START RECORDED INFORMATION
lemma Q_lincomb2:
  assumes x: "x \<in> carrier_vec n" and y: "y \<in> carrier_vec n"
  shows "Q (a \<cdot>\<^sub>v x + b \<cdot>\<^sub>v y) (c \<cdot>\<^sub>v x + d \<cdot>\<^sub>v y) =
     a * c * Q x x + (a * d + b * c) * Q x y + b * d * Q y y"
  unfolding Q_def using x y A_carrier Q_sym[OF y x, unfolded Q_def]
  by (simp add: mult_add_distrib_mat_vec[OF A_carrier] mult_mat_vec[OF A_carrier]
      scalar_prod_add_distrib[of _ n] add_scalar_prod_distrib[of _ n] algebra_simps)

lemma Q_smult: "x \<in> carrier_vec n \<Longrightarrow> Q (c \<cdot>\<^sub>v x) (c \<cdot>\<^sub>v x) = c^2 * Q x x"
  unfolding Q_def using A_carrier by (simp add: mult_mat_vec power2_eq_square)

lemma Q_eigenvector:
  assumes "v \<in> carrier_vec n" "A *\<^sub>v v = \<mu> \<cdot>\<^sub>v v" "y \<in> carrier_vec n"
  shows "Q y v = \<mu> * (y \<bullet> v)" "Q v y = \<mu> * (v \<bullet> y)"
proof -
  show yv: "Q y v = \<mu> * (y \<bullet> v)" unfolding Q_def using assms by simp
  show "Q v y = \<mu> * (v \<bullet> y)" using yv Q_sym[OF assms(1,3)] comm_scalar_prod[OF assms(1,3)] by simp
qed

lemma Q_lower_bound_of_sphere:
  assumes V: "\<And>c y. y \<in> V \<Longrightarrow> c \<cdot>\<^sub>v y \<in> V"
    and bound: "\<And>w. w \<in> unit_sphere n \<inter> V \<Longrightarrow> \<mu> \<le> Q w w"
    and y: "y \<in> carrier_vec n" "y \<in> V"
  shows "\<mu> * (y \<bullet> y) \<le> Q y y"
proof (cases "y = 0\<^sub>v n")
  case True
  thus ?thesis unfolding Q_def using A_carrier by simp
next
  case False
  define c where "c = 1 / sqrt (y \<bullet> y)"
  have pos: "y \<bullet> y > 0" by (rule scalar_prod_self_pos[OF y(1) False])
  have "\<mu> \<le> Q (c \<cdot>\<^sub>v y) (c \<cdot>\<^sub>v y)"
    using bound normalize_in_unit_sphere[OF y(1) False] V[OF y(2)] unfolding c_def by blast
  also have "\<dots> = Q y y / (y \<bullet> y)" unfolding Q_smult[OF y(1)] c_def using pos by (simp add: power_divide)
  finally show ?thesis using pos by (simp add: field_simps)
qed

lemma sphere_min_eigenvector:
  assumes V: "V \<subseteq> carrier_vec n" "\<And>x y. x \<in> V \<Longrightarrow> y \<in> V \<Longrightarrow> x + y \<in> V"
      "\<And>c y. y \<in> V \<Longrightarrow> c \<cdot>\<^sub>v y \<in> V" "\<And>y. y \<in> V \<Longrightarrow> A *\<^sub>v y \<in> V"
    and z: "z \<in> unit_sphere n \<inter> V" and min: "\<And>w. w \<in> unit_sphere n \<inter> V \<Longrightarrow> Q z z \<le> Q w w"
  shows "A *\<^sub>v z = Q z z \<cdot>\<^sub>v z"
proof -
  have zc: "z \<in> carrier_vec n" "z \<bullet> z = 1" "z \<in> V" using z unfolding unit_sphere_def by auto
  have stat: "Q z u = 0" if u: "u \<in> V" "z \<bullet> u = 0" for u
  proof (rule nonneg_quadratic_linear_coeff_zero)
    fix t
    have uc: "u \<in> carrier_vec n" using u V(1) by auto
    have "1 \<cdot>\<^sub>v z + t \<cdot>\<^sub>v u \<in> V" using V(2,3) zc(3) u(1) by blast
    hence "Q z z * ((1 \<cdot>\<^sub>v z + t \<cdot>\<^sub>v u) \<bullet> (1 \<cdot>\<^sub>v z + t \<cdot>\<^sub>v u)) \<le> Q (1 \<cdot>\<^sub>v z + t \<cdot>\<^sub>v u) (1 \<cdot>\<^sub>v z + t \<cdot>\<^sub>v u)"
      using zc uc by (intro Q_lower_bound_of_sphere[OF V(3) min]) auto
    thus "0 \<le> 2 * t * Q z u + t^2 * (Q u u - Q z z * (u \<bullet> u))"
      unfolding Q_lincomb2[OF zc(1) uc] scalar_prod_lincomb2[OF zc(1) uc] zc(2) u(2)
      by (simp add: algebra_simps power2_eq_square)
  qed
  define r where "r = A *\<^sub>v z + (- Q z z) \<cdot>\<^sub>v z"
  have Az: "A *\<^sub>v z \<in> carrier_vec n" using A_carrier zc by simp
  have r: "r \<in> carrier_vec n" "r \<in> V" unfolding r_def using zc Az V(2-4) by auto
  have zr: "z \<bullet> r = 0"
    unfolding r_def using zc Az by (simp add: scalar_prod_add_distrib[of _ n] Q_def)
  have "r \<bullet> r = r \<bullet> (A *\<^sub>v z) + (- Q z z) * (r \<bullet> z)"
    using r(1) Az zc(1) by (subst (2) r_def) (simp add: scalar_prod_add_distrib[of _ n])
  also have "\<dots> = 0"
    using stat[OF r(2) zr] Q_sym[OF zc(1) r(1)] comm_scalar_prod[OF zc(1) r(1)] zr by (simp add: Q_def)
  finally have r0: "r = 0\<^sub>v n" using scalar_prod_self_eq_0[OF r(1)] by simp
  have "(A *\<^sub>v z) $ i = (Q z z \<cdot>\<^sub>v z) $ i" if "i < n" for i
    using arg_cong[OF r0, of "\<lambda>w. w $ i"] that Az zc unfolding r_def by simp
  thus ?thesis using Az zc A_carrier by (intro eq_vecI) auto
qed

definition obj_deriv :: "real \<Rightarrow> real vec \<Rightarrow> real vec \<Rightarrow> real \<Rightarrow> real" where
  "obj_deriv \<beta> x u t = Q (great_circle_tangent x u t) (great_circle x u t)
     + 2 * \<beta> * (\<Sum>k<n. (great_circle x u t $ k)^3 * great_circle_tangent x u t $ k)"

definition obj_deriv2 :: "real \<Rightarrow> real vec \<Rightarrow> real vec \<Rightarrow> real \<Rightarrow> real" where
  "obj_deriv2 \<beta> x u t =
     Q (great_circle_tangent x u t) (great_circle_tangent x u t) - Q (great_circle x u t) (great_circle x u t)
     + 2 * \<beta> * (\<Sum>k<n. 3 * (great_circle x u t $ k)^2 * (great_circle_tangent x u t $ k)^2
                         - (great_circle x u t $ k)^4)"

context
  fixes x u :: "real vec"
  assumes x: "x \<in> carrier_vec n" and u: "u \<in> carrier_vec n"
begin

lemma Q_great_circle:
  "Q (great_circle x u t) (great_circle x u t) =
     (cos t)^2 * Q x x + 2 * cos t * sin t * Q x u + (sin t)^2 * Q u u"
  "Q (great_circle_tangent x u t) (great_circle x u t) =
     - sin t * cos t * Q x x + ((cos t)^2 - (sin t)^2) * Q x u + sin t * cos t * Q u u"
  "Q (great_circle_tangent x u t) (great_circle_tangent x u t) =
     (sin t)^2 * Q x x - 2 * sin t * cos t * Q x u + (cos t)^2 * Q u u"
  unfolding great_circle_def great_circle_tangent_def Q_lincomb2[OF x u]
  by (simp_all add: power2_eq_square algebra_simps)

lemma sum_great_circle_coordinates:
  "(\<Sum>k<n. f (great_circle x u t $ k) (great_circle_tangent x u t $ k)) =
     (\<Sum>k<n. f (cos t * x $ k + sin t * u $ k) (- sin t * x $ k + cos t * u $ k))"
  using x u by (auto simp: great_circle_index great_circle_tangent_index intro!: sum.cong)

lemma has_real_derivative_obj_great_circle:
  "((\<lambda>t. obj A \<beta> (great_circle x u t)) has_real_derivative obj_deriv \<beta> x u t) (at t)"
proof -
  have "obj A \<beta> (great_circle x u t) =
      1/2 * ((cos t)^2 * Q x x + 2 * cos t * sin t * Q x u + (sin t)^2 * Q u u)
      + \<beta>/2 * (\<Sum>k<n. (cos t * x $ k + sin t * u $ k)^4)" for t
    unfolding obj_eq[OF great_circle_carrier[OF x u]] Q_great_circle
      sum_great_circle_coordinates[of "\<lambda>a b. a^4"] ..
  moreover have "obj_deriv \<beta> x u t =
      (- sin t * cos t * Q x x + ((cos t)^2 - (sin t)^2) * Q x u + sin t * cos t * Q u u)
      + \<beta>/2 * (\<Sum>k<n. 4 * (cos t * x $ k + sin t * u $ k)^3 * (- sin t * x $ k + cos t * u $ k))"
    unfolding obj_deriv_def Q_great_circle sum_great_circle_coordinates[of "\<lambda>a b. a^3 * b"]
    by (simp add: sum_distrib_left algebra_simps)
  ultimately show ?thesis
    by (simp only:) (intro DERIV_add DERIV_cmult DERIV_sum circle_coordinate_derivatives(1,3))
qed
END RECORDED INFORMATION
TASK >>
Only one part of the material above is to be transcribed, namely the lines starting with the line that has "assms(1,3)] by simp" and going on through the line that has "(y \<bullet> y) \<le>", exactly as they stand.

SOLVED EXERCISE >>
  show "Q v y = \<mu> * (v \<bullet> y)" using yv Q_sym[OF assms(1,3)] comm_scalar_prod[OF assms(1,3)] by simp
qed

lemma Q_lower_bound_of_sphere:
  assumes V: "\<And>c y. y \<in> V \<Longrightarrow> c \<cdot>\<^sub>v y \<in> V"
    and bound: "\<And>w. w \<in> unit_sphere n \<inter> V \<Longrightarrow> \<mu> \<le> Q w w"
    and y: "y \<in> carrier_vec n" "y \<in> V"
  shows "\<mu> * (y \<bullet> y) \<le> Q y y"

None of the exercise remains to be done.